What is being asked: Copy exactly the stretch of data below from the line with "using defect_square_rel[OF assms, of 1" through the line with "using defect_one_last[OF assms, of", including both of those lines.

%%

lemma defect_zero_row:
  assumes "n \<ge> 1"
  shows "defect n (0, 0, v) \<in> manin_rel (Phi n) \<and> defect n (2, 0, v) \<in> manin_rel (Phi n)"
proof (cases "n = 1")
  case True
  have "defect n (2, 0, int n - 1) = defect n (2, 0, v)"
    by (rule defect_cong) (simp add: True)
  then show ?thesis
    using defect_one_last[OF assms] defect_tau_zero_last[OF assms] True by simp
next
  case False
  then have n2: "n \<ge> 2" using assms by simp
  have m1: "(-1) mod int n = int n - 1" using n2 by (simp add: zmod_minus1)
  have X: "defect n (0, 0, w) + defect n (2, 0, w) \<in> manin_rel (Phi n)" for w
  proof -
    have D: "defect n (0, 1, w) \<in> manin_rel (Phi n)" "defect n (2, 1, w - 1) \<in> manin_rel (Phi n)"
      using defect_one_pos[OF assms, of 1 w] defect_tau_pos[OF assms, of 1 "w - 1"] n2 by simp_all
    have T: "- defect n (0, 1, w) + defect n (0, 0, w) + defect n (2, 0, w) - defect n (2, 1, w - 1)
        \<in> manin_rel (Phi n)"
      using defect_square_rel[OF assms, of 1 w] by simp
    have "defect n (0, 0, w) + defect n (2, 0, w)
        = (- defect n (0, 1, w) + defect n (0, 0, w) + defect n (2, 0, w) - defect n (2, 1, w - 1))
          + defect n (0, 1, w) + defect n (2, 1, w - 1)"
      by (simp add: algebra_simps)
    also have "\<dots> \<in> manin_rel (Phi n)"
      by (intro manin_rel_add T D)
    finally show ?thesis .
  qed
  have Y: "defect n (0, 0, w) + defect n (2, 0, w - 1) \<in> manin_rel (Phi n)" for w
  proof -
    have D: "defect n (0, -1, w) \<in> manin_rel (Phi n)" "defect n (2, -1, w) \<in> manin_rel (Phi n)"
      using defect_one_last[OF assms, of "-1" w] defect_tau_pos[OF assms, of "-1" w] m1 n2 by simp_all
    have T: "- defect n (0, 0, w) + defect n (0, -1, w) + defect n (2, -1, w) - defect n (2, 0, w - 1)
        \<in> manin_rel (Phi n)"
      using defect_square_rel[OF assms, of 0 w] by simp
    have "defect n (0, 0, w) + defect n (2, 0, w - 1)
        = - ((- defect n (0, 0, w) + defect n (0, -1, w) + defect n (2, -1, w) - defect n (2, 0, w - 1))
             - defect n (0, -1, w) - defect n (2, -1, w))"
      by (simp add: algebra_simps)
    also have "\<dots> \<in> manin_rel (Phi n)"
      by (intro manin_rel_uminus manin_rel_diff T D)
    finally show ?thesis .
  qed
  have tau_step: "defect n (2, 0, w) - defect n (2, 0, w - 1) \<in> manin_rel (Phi n)" for w
  proof -
    have "defect n (2, 0, w) - defect n (2, 0, w - 1)
        = (defect n (0, 0, w) + defect n (2, 0, w)) - (defect n (0, 0, w) + defect n (2, 0, w - 1))"
      by (simp add: algebra_simps)
    also have "\<dots> \<in> manin_rel (Phi n)"
      by (intro manin_rel_diff X Y)
    finally show ?thesis .
  qed
  have tau: "defect n (2, 0, v) \<in> manin_rel (Phi n)"
  proof (induction v rule: int_induct[where k = "int n - 1"])
    case base
    show ?case by (rule defect_tau_zero_last[OF assms])
  next
    case (step1 i)
    then show ?case using manin_rel_add[OF step1(2) tau_step[of "i + 1"]] by simp
  next
    case (step2 i)
    then show ?case using manin_rel_diff[OF step2(2) tau_step[of i]] by simp
  qed
  then show ?thesis
    using manin_rel_diff[OF X[of v] tau] by simp
qed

%%

Response:
      using defect_square_rel[OF assms, of 1 w] by simp
    have "defect n (0, 0, w) + defect n (2, 0, w)
        = (- defect n (0, 1, w) + defect n (0, 0, w) + defect n (2, 0, w) - defect n (2, 1, w - 1))
          + defect n (0, 1, w) + defect n (2, 1, w - 1)"
      by (simp add: algebra_simps)
    also have "\<dots> \<in> manin_rel (Phi n)"
      by (intro manin_rel_add T D)
    finally show ?thesis .
  qed
  have Y: "defect n (0, 0, w) + defect n (2, 0, w - 1) \<in> manin_rel (Phi n)" for w
  proof -
    have D: "defect n (0, -1, w) \<in> manin_rel (Phi n)" "defect n (2, -1, w) \<in> manin_rel (Phi n)"
      using defect_one_last[OF assms, of "-1" w] defect_tau_pos[OF assms, of "-1" w] m1 n2 by simp_all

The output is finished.